ADJUVANT CHEMOTHERAPY WITH CISPLATIN, DOXORUBICIN, AND CYCLOPHOSPHAMIDE (PAC) FOR EARLY-STAGE HIGH-RISK ENDOMETRIAL CANCER - A PRELIMINARY-ANALYSIS

被引:38
作者
STRINGER, CA [1 ]
GERSHENSON, DM [1 ]
BURKE, TW [1 ]
EDWARDS, CL [1 ]
GORDON, AN [1 ]
WHARTON, JT [1 ]
机构
[1] UNIV TEXAS,MD ANDERSON CTR,DEPT GYNECOL,HOUSTON,TX 77030
关键词
D O I
10.1016/0090-8258(90)90063-Q
中图分类号
R73 [肿瘤学];
学科分类号
100214 ;
摘要
Between October 1985 and January 1989, 33 patients with stage I (31) or clinically occult stage II (2) endometrial cancer at a high risk for recurrence were entered in a prospective study evaluating adjuvant cisplatin, doxorubicin, and cyclophosphamide (PAC) chemotherapy. Eligibility criteria included grade 2 tumors with middle- or outer-third myometrial invasion (16), grade 3 tumors with any degree of myometrial invasion (17), presence of extrauterine disease with no gross residual (17), or a high-risk histologic subtype including papillary serous (4), adenosquamous (5), or clear cell (1) tumors.

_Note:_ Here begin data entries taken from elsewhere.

(* For a graphical sequence $\pi$ of length $n$ define $h(\pi)=g(\overline{\pi})$. Then: (i) every realization $G$ of $\pi$ satisfies $\chi(G)\ge\omega(G)\ge h(\pi)$; (ii) $h$ is monotone increasing: if $\pi\le\pi'$ termwise (both graphical of length $n$) then $h(\pi)\le h(\pi')$; (iii) there is a graphical sequence $\pi'\ge\pi$ (termwise) of length $n$ having a realization that is a complete $h(\pi)$-partite graph, so that $\omega$ and $\chi$ of this realization both equal $h(\pi)$.
   Context: Graphs are finite and simple; a graphical sequence is a nondecreasing integer sequence that is the degree sequence of some graph (a realization). For $\pi=(d_1\le\cdots\le d_n)$, $\overline{\pi}=((n-1)-d_n\le\cdots\le(n-1)-d_1)$ is the complementary sequence. For a graphical sequence $(e_1\le\cdots\le e_n)$ define $f(1)=e_1$ with index $j_1=1$; if $f(i)=e_{j_i}$ is finite and $j_i+f(i)+1\le n$ set $j_{i+1}=j_i+f(i)+1$, $f(i+1)=e_{j_{i+1}}$, otherwise $f(i+1)=\infty$; once $\infty$, it stays $\infty$. Let $g$ of that sequence be $\max\{i\in\mathbb{Z}^+: f(i)<\infty\}$. It is known (Murphy) that every realization of a graphical sequence $\sigma$ has independence number at least $g(\sigma)$. $\omega$ is clique number and $\chi$ chromatic number. *)

theory Defs
  imports Main
begin

definition simple_graph :: "nat \<Rightarrow> (nat \<Rightarrow> nat \<Rightarrow> bool) \<Rightarrow> bool" where
  "simple_graph n E \<longleftrightarrow> (\<forall>u v. E u v \<longrightarrow> u < n \<and> v < n \<and> u \<noteq> v \<and> E v u)"

definition deg :: "nat \<Rightarrow> (nat \<Rightarrow> nat \<Rightarrow> bool) \<Rightarrow> nat \<Rightarrow> nat" where
  "deg n E v = card {u. u < n \<and> E v u}"

text \<open>E realizes the sequence pi: vertex i has degree pi!i (vertices labelled in
  the order of the sorted degree sequence).\<close>
definition realization :: "nat list \<Rightarrow> (nat \<Rightarrow> nat \<Rightarrow> bool) \<Rightarrow> bool" where
  "realization pi E \<longleftrightarrow> simple_graph (length pi) E \<and>
     (\<forall>i < length pi. deg (length pi) E i = pi ! i)"
definition G_conv_deriv :: "(real \<Rightarrow> real) \<Rightarrow> real \<Rightarrow> real" where
  "G_conv_deriv w y = (exp y * exp_conv_right w y - exp (- y) * exp_conv_left w y) / 2"

lemma negligible_open_closed_ray_diff:
  fixes y :: real
  shows "negligible {z \<in> {y<..} - {y..}. f z \<noteq> (0::real)}"
  "negligible {z \<in> {y..} - {y<..}. f z \<noteq> (0::real)}"
  by (rule negligible_subset[OF negligible_sing[of y]], auto)+

context
  fixes w :: "real \<Rightarrow> real"
  assumes w_int: "integrable lborel w" and w_cont: "continuous_on UNIV w"
begin

lemma borel_measurable_conv_weight: "w \<in> borel_measurable lborel"
  using w_cont by (simp add: borel_measurable_continuous_onI)

lemma set_integrable_exp_left: "set_integrable lborel {..y} (\<lambda>z. exp z * w z)"
  unfolding set_integrable_def
proof (rule Bochner_Integration.integrable_bound)
  show "integrable lborel (\<lambda>z. exp y * \<bar>w z\<bar>)"
    using w_int by (intro Bochner_Integration.integrable_mult_right integrable_abs)
  show "(\<lambda>z. indicator {..y} z *\<^sub>R (exp z * w z)) \<in> borel_measurable lborel"
    using borel_measurable_conv_weight by measurable
  show "AE z in lborel. norm (indicator {..y} z *\<^sub>R (exp z * w z)) \<le> norm (exp y * \<bar>w z\<bar>)"
    by (auto simp: indicator_def abs_mult intro!: mult_right_mono)
qed

lemma set_integrable_exp_right: "set_integrable lborel {y<..} (\<lambda>z. exp (- z) * w z)"
  unfolding set_integrable_def
proof (rule Bochner_Integration.integrable_bound)
  show "integrable lborel (\<lambda>z. exp (- y) * \<bar>w z\<bar>)"
    using w_int by (intro Bochner_Integration.integrable_mult_right integrable_abs)
  show "(\<lambda>z. indicator {y<..} z *\<^sub>R (exp (- z) * w z)) \<in> borel_measurable lborel"
    using borel_measurable_conv_weight by measurable
  show "AE z in lborel. norm (indicator {y<..} z *\<^sub>R (exp (- z) * w z)) \<le> norm (exp (- y) * \<bar>w z\<bar>)"
    by (auto simp: indicator_def abs_mult intro!: mult_right_mono)
qed

lemma exp_conv_right_eq_integral_open:
  "exp_conv_right w y = integral {y<..} (\<lambda>z. exp (- z) * w z)"
  unfolding exp_conv_right_def by (rule integral_spike_set[OF negligible_open_closed_ray_diff(2,1)])

lemma integrable_exp_left: "(\<lambda>z. exp z * w z) integrable_on {..y}"
  using set_borel_integral_eq_integral(1)[OF set_integrable_exp_left] .

lemma integrable_exp_right: "(\<lambda>z. exp (- z) * w z) integrable_on {y..}"
  using integrable_spike_set[OF set_borel_integral_eq_integral(1)[OF set_integrable_exp_right]
      negligible_open_closed_ray_diff] .

lemma continuous_on_exp_weights:
  "continuous_on S (\<lambda>z. exp z * w z)" "continuous_on S (\<lambda>z. exp (- z) * w z)"
  using w_cont by (auto intro!: continuous_intros intro: continuous_on_subset)

lemma G_conv_eq:
  "(LINT z|lborel. G (y - z) * w z) = (exp (- y) * exp_conv_left w y + exp y * exp_conv_right w y) / 2"
proof -
  have split: "G (y - z) * w z = exp (- y) / 2 * (indicator {..y} z *\<^sub>R (exp z * w z))
       + exp y / 2 * (indicator {y<..} z *\<^sub>R (exp (- z) * w z))" for z
    by (auto simp: G_def indicator_def abs_if mult_exp_exp)
  have "(LINT z|lborel. G (y - z) * w z) = exp (- y) / 2 * (LINT z:{..y}|lborel. exp z * w z)
        + exp y / 2 * (LINT z:{y<..}|lborel. exp (- z) * w z)"
    unfolding split set_lebesgue_integral_def
    using set_integrable_exp_left set_integrable_exp_right
    by (simp add: set_integrable_def Bochner_Integration.integral_add)
  also have "(LINT z:{..y}|lborel. exp z * w z) = exp_conv_left w y"
    unfolding exp_conv_left_def by (rule set_borel_integral_eq_integral(2)[OF set_integrable_exp_left])
  also have "(LINT z:{y<..}|lborel. exp (- z) * w z) = exp_conv_right w y"
    unfolding exp_conv_right_eq_integral_open
    by (rule set_borel_integral_eq_integral(2)[OF set_integrable_exp_right])
  finally show ?thesis by simp
qed

lemma has_real_derivative_exp_conv_left:
  "(exp_conv_left w has_real_derivative exp x * w x) (at x)"
proof -
  let ?f = "\<lambda>z. exp z * w z"
  have "at x within {x - 1..x + 1} = at x"
    by (rule at_within_interior) simp
  then have "((\<lambda>y. integral {x - 1..y} ?f) has_real_derivative ?f x) (at x)"
    using integral_has_real_derivative[of "x - 1" "x + 1" ?f x] continuous_on_exp_weights by simp
  from DERIV_add[OF DERIV_const[of "exp_conv_left w (x - 1)"] this]
  have deriv: "((\<lambda>y. exp_conv_left w (x - 1) + integral {x - 1..y} ?f) has_real_derivative ?f x) (at x)"
    by simp
  have eq: "exp_conv_left w (x - 1) + integral {x - 1..y} ?f = exp_conv_left w y"
    if "y \<in> {x - 1<..<x + 1}" for y
  proof -
    have "{..y} = {..x - 1} \<union> {x - 1..y}" using that by auto
    moreover have "integral ({..x - 1} \<union> {x - 1..y}) ?f = integral {..x - 1} ?f + integral {x - 1..y} ?f"
      by (rule integral_Un[OF integrable_exp_left integrable_continuous_interval])
        (auto intro: continuous_on_exp_weights negligible_subset[OF negligible_sing[of "x - 1"]])
    ultimately show ?thesis unfolding exp_conv_left_def by simp
  qed
  show ?thesis
    by (rule has_field_derivative_transform_within_open[where S="{x - 1<..<x + 1}", OF deriv _ _ eq]) auto
qed

lemma has_real_derivative_exp_conv_right:
  "(exp_conv_right w has_real_derivative - (exp (- x) * w x)) (at x)"
proof -
  let ?f = "\<lambda>z. exp (- z) * w z"
  have "at x within {x - 1..x + 1} = at x"
    by (rule at_within_interior) simp
  then have "((\<lambda>y. integral {y..x + 1} ?f) has_real_derivative - ?f x) (at x)"
    using integral_has_real_derivative'[of "x - 1" "x + 1" ?f x] continuous_on_exp_weights by simp
  from DERIV_add[OF this DERIV_const[of "exp_conv_right w (x + 1)"]]
  have deriv: "((\<lambda>y. integral {y..x + 1} ?f + exp_conv_right w (x + 1)) has_real_derivative - ?f x) (at x)"
    by simp
  have eq: "integral {y..x + 1} ?f + exp_conv_right w (x + 1) = exp_conv_right w y"
    if "y \<in> {x - 1<..<x + 1}" for y
  proof -
    have "{y..} = {y..x + 1} \<union> {x + 1..}" using that by auto
    moreover have "integral ({y..x + 1} \<union> {x + 1..}) ?f = integral {y..x + 1} ?f + integral {x + 1..} ?f"
      by (rule integral_Un[OF integrable_continuous_interval integrable_exp_right])
        (auto intro: continuous_on_exp_weights negligible_subset[OF negligible_sing[of "x + 1"]])
    ultimately show ?thesis unfolding exp_conv_right_def by simp
  qed
  show ?thesis
    by (rule has_field_derivative_transform_within_open[where S="{x - 1<..<x + 1}", OF deriv _ _ eq]) auto
qed

lemma has_real_derivative_G_conv:
  "((\<lambda>y. LINT z|lborel. G (y - z) * w z) has_real_derivative G_conv_deriv w x) (at x)"
proof -
  have "((\<lambda>y. (exp (- y) * exp_conv_left w y + exp y * exp_conv_right w y) / 2)
      has_real_derivative G_conv_deriv w x) (at x)"
    unfolding G_conv_deriv_def
    by (auto intro!: derivative_eq_intros has_real_derivative_exp_conv_left
        has_real_derivative_exp_conv_right simp: field_simps exp_minus)
  then show ?thesis by (simp add: G_conv_eq)
qed

lemma has_real_derivative_G_conv_deriv:
  "(G_conv_deriv w has_real_derivative (LINT z|lborel. G (x - z) * w z) - w x) (at x)"
proof -
  have "((\<lambda>y. (exp y * exp_conv_right w y - exp (- y) * exp_conv_left w y) / 2) has_real_derivative
      (exp (- x) * exp_conv_left w x + exp x * exp_conv_right w x) / 2 - w x) (at x)"
    by (auto intro!: derivative_eq_intros has_real_derivative_exp_conv_left
        has_real_derivative_exp_conv_right simp: field_simps exp_minus)
  then show ?thesis by (simp add: G_conv_eq G_conv_deriv_def[abs_def])
qed

end

abbreviation has_partials :: "(real \<times> real \<Rightarrow> real) \<Rightarrow> real \<Rightarrow> real \<Rightarrow> real \<times> real \<Rightarrow> bool" where
  "has_partials f fx ft q \<equiv> (f has_derivative (\<lambda>h. fst h * fx + snd h * ft)) (at q)"

lemma has_partials_fst:
  assumes "(g has_real_derivative d) (at (fst q))"
  shows "has_partials (\<lambda>p. g (fst p)) d 0 q"
  using has_derivative_compose[OF has_derivative_fst[OF has_derivative_ident]
      assms[unfolded has_field_derivative_def]]
  by (simp add: mult.commute)
lemma kernel_approximable_near:
  assumes f: "f \<in> Bb" and e: "0 < e"
  shows "\<exists>G. isCont G x0 \<and> (\<forall>\<^sub>F x in nhds x0. \<bar>G x - T f x\<bar> \<le> e)"
proof -
  obtain g c where g_Bb: "\<And>n. g n \<in> Bb" and g_cont: "\<And>n. continuous_on UNIV (g n)"
    and diff: "\<And>n y. \<bar>g n y - f y\<bar> \<le> c" and g_lim: "AE y in lborel. (\<lambda>n. g n y) \<longlonglongrightarrow> f y"
    using Bb_AE_limit_of_continuous[OF f] by blast
  have [measurable]: "f \<in> borel_measurable borel" "g n \<in> borel_measurable borel" for n
    using f g_Bb by (simp_all add: Bb_def)
  have c: "0 \<le> c" using diff[of 0 x0] by linarith
  define \<delta> where "\<delta> = e / (3 * (c + 1))"
  have c\<delta>: "c * \<delta> \<le> e / 3"
    using c e by (simp add: \<delta>_def field_simps)
  obtain M where "0 \<le> M" and tail_small: "\<forall>\<^sub>F x in nhds x0. T (cutoff M) x < \<delta>"
    using eventually_kernel_cutoff_less[of \<delta>] c e by (auto simp: \<delta>_def)
  then obtain p \<gamma> S where p: "1 < p" and \<gamma>: "0 < \<gamma>" and S: "0 \<le> S" and S_bound:
    "\<And>x. x \<in> ball x0 \<gamma> \<Longrightarrow>
      (\<integral>\<^sup>+ y. indicator {y. norm y \<le> M + 1} y * ennreal (q x y powr p) \<partial>lborel) \<le> ennreal S"
    using local_Lp_boundE[of "M + 1" x0] by auto
  obtain K where K: "0 < K" "c * K powr (1 - p) * S < e / 3"
    using ex_pos_mult_powr_less[OF p, of "e / 3" "c * S"] e by (auto simp: mult_ac)
  have "(\<lambda>n. K * (\<integral> y. indicator {y. norm y \<le> M + 1} y * \<bar>g n y - f y\<bar> \<partial>lborel)) \<longlonglongrightarrow> K * 0"
    using g_lim diff emeasure_closed_ball_set_finite
    by (intro tendsto_intros integral_indicator_abs_diff_tendsto_0) auto
  then have "\<forall>\<^sub>F n in sequentially.
      K * (\<integral> y. indicator {y. norm y \<le> M + 1} y * \<bar>g n y - f y\<bar> \<partial>lborel) < e / 3"
    using e by (intro order_tendstoD(2)) auto
  then obtain n
    where n: "K * (\<integral> y. indicator {y. norm y \<le> M + 1} y * \<bar>g n y - f y\<bar> \<partial>lborel) < e / 3"
    by (auto simp: eventually_sequentially)
  have "\<forall>\<^sub>F x in nhds x0. x \<in> ball x0 \<gamma>"
    using \<gamma> by (intro eventually_nhds_in_open) auto
  then have "\<forall>\<^sub>F x in nhds x0. \<bar>T (g n) x - T f x\<bar> \<le> e"
    using tail_small
  proof eventually_elim
    case (elim x)
    have "c * T (cutoff M) x \<le> c * \<delta>"
      using c elim(2) by (intro mult_left_mono) auto
    with kernel_abs_diff_le[OF f g_Bb[of n] diff[of n] K(1) p S S_bound[OF elim(1)]] c\<delta> K(2) n
    show ?case by linarith
  qed
  moreover have "isCont (T (g n)) x0"
    using T_feller[OF g_Bb g_cont] by (simp add: continuous_on_eq_continuous_at)
  ultimately show ?thesis by blast
qed

lemma continuous_on_kernel: "f \<in> Bb \<Longrightarrow> continuous_on UNIV (T f)"
  by (simp add: continuous_on_eq_continuous_at isCont_if_approximable_near kernel_approximable_near)

end

end

theorem lemma5p1:
  fixes P :: "real \<Rightarrow> ('a::euclidean_space \<Rightarrow> real) \<Rightarrow> ('a \<Rightarrow> real)"
    and q :: "'a \<Rightarrow> 'a \<Rightarrow> real"
    and t :: real
  assumes semigroup: "markovian_semigroup P"
    and t_pos: "t > 0"
    and q_meas: "(\<lambda>(x, y). q x y) \<in> borel_measurable borel"
    and q_nonneg: "\<And>x y. q x y \<ge> 0"
    and kernel: "\<And>f x. f \<in> Bb \<Longrightarrow> P t f x = (\<integral>y. f y * q x y \<partial>lborel)"
    and fel: "feller (P t)"
    and loc_Lp: "\<And>M x0. M > 0 \<Longrightarrow> \<exists>p>1. \<exists>\<gamma>>0.
        (SUP x\<in>ball x0 \<gamma>. \<integral>\<^sup>+ y. indicator {y. norm y \<le> M} y * ennreal (q x y powr p) \<partial>lborel) < \<infinity>"
  shows "strong_feller (P t)"
proof -
  have markov: "markovian_op (P t)"
    using semigroup t_pos by (simp add: markovian_semigroup_def)
  have q_measurable: "q x \<in> borel_measurable borel" for x
  proof -
    have "(\<lambda>y::'a. (x, y)) \<in> borel_measurable borel"
      by (intro borel_measurable_continuous_onI continuous_intros)
    from measurable_compose[OF this q_meas] show ?thesis by simp
  qed
  have q_integrable: "integrable lborel (q x)" for x
  proof -
    have "(\<integral> y. q x y \<partial>lborel) = 1"
      using kernel[of "\<lambda>_. 1" x] markov by (simp add: markovian_op_def Bb_def)
    \<comment> \<open>a non-integrable function has Bochner integral 0\<close>
    then show ?thesis using not_integrable_integral_eq by force
  qed
  have feller_Bb: "continuous_on UNIV (P t g)" if "g \<in> Bb" "continuous_on UNIV g" for g
    using fel that by (simp add: feller_def)
  show ?thesis
    unfolding strong_feller_def
  proof (intro ballI conjI)
    fix f :: "'a \<Rightarrow> real"
    assume "f \<in> Bb"
    then show "continuous_on UNIV (P t f)"
      using continuous_on_kernel[where T = "P t", OF q_measurable q_nonneg q_integrable kernel feller_Bb loc_Lp]
      by blast
    show "bounded (range (P t f))"
      using markov \<open>f \<in> Bb\<close> by (simp add: markovian_op_def Bb_def)
  qed
qed

end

Patients received PAC (50/50/500 mg/m2) at 4-week intervals for six cycles. Thirty patients (90%) completed therapy. Toxicity included severe neutropenia in 14 patients, neutropenic sepsis in 2 patients, and doxorubicin-related cardiomyopathy in 1 patient. There were no treatment deaths. Current median follow-up is 25 months. Nine patients (27%) have developed a recurrence, 7 of whom died, after a median interval of 14 months. Eight of the 9 with recurrence initially had extrauterine disease (P = 0.02). The resulting 2-year actuarial progression-free and overall survival rates were 79 and 83%, respectively. The median progression-free interval was 29 months for patients with extrauterine disease and 45 + months for those with no extrauterine disease (P = 0.02). These results suggest that a phase 3 randomized trial comparing adjuvant PAC with radiation therapy is warranted. © 1990.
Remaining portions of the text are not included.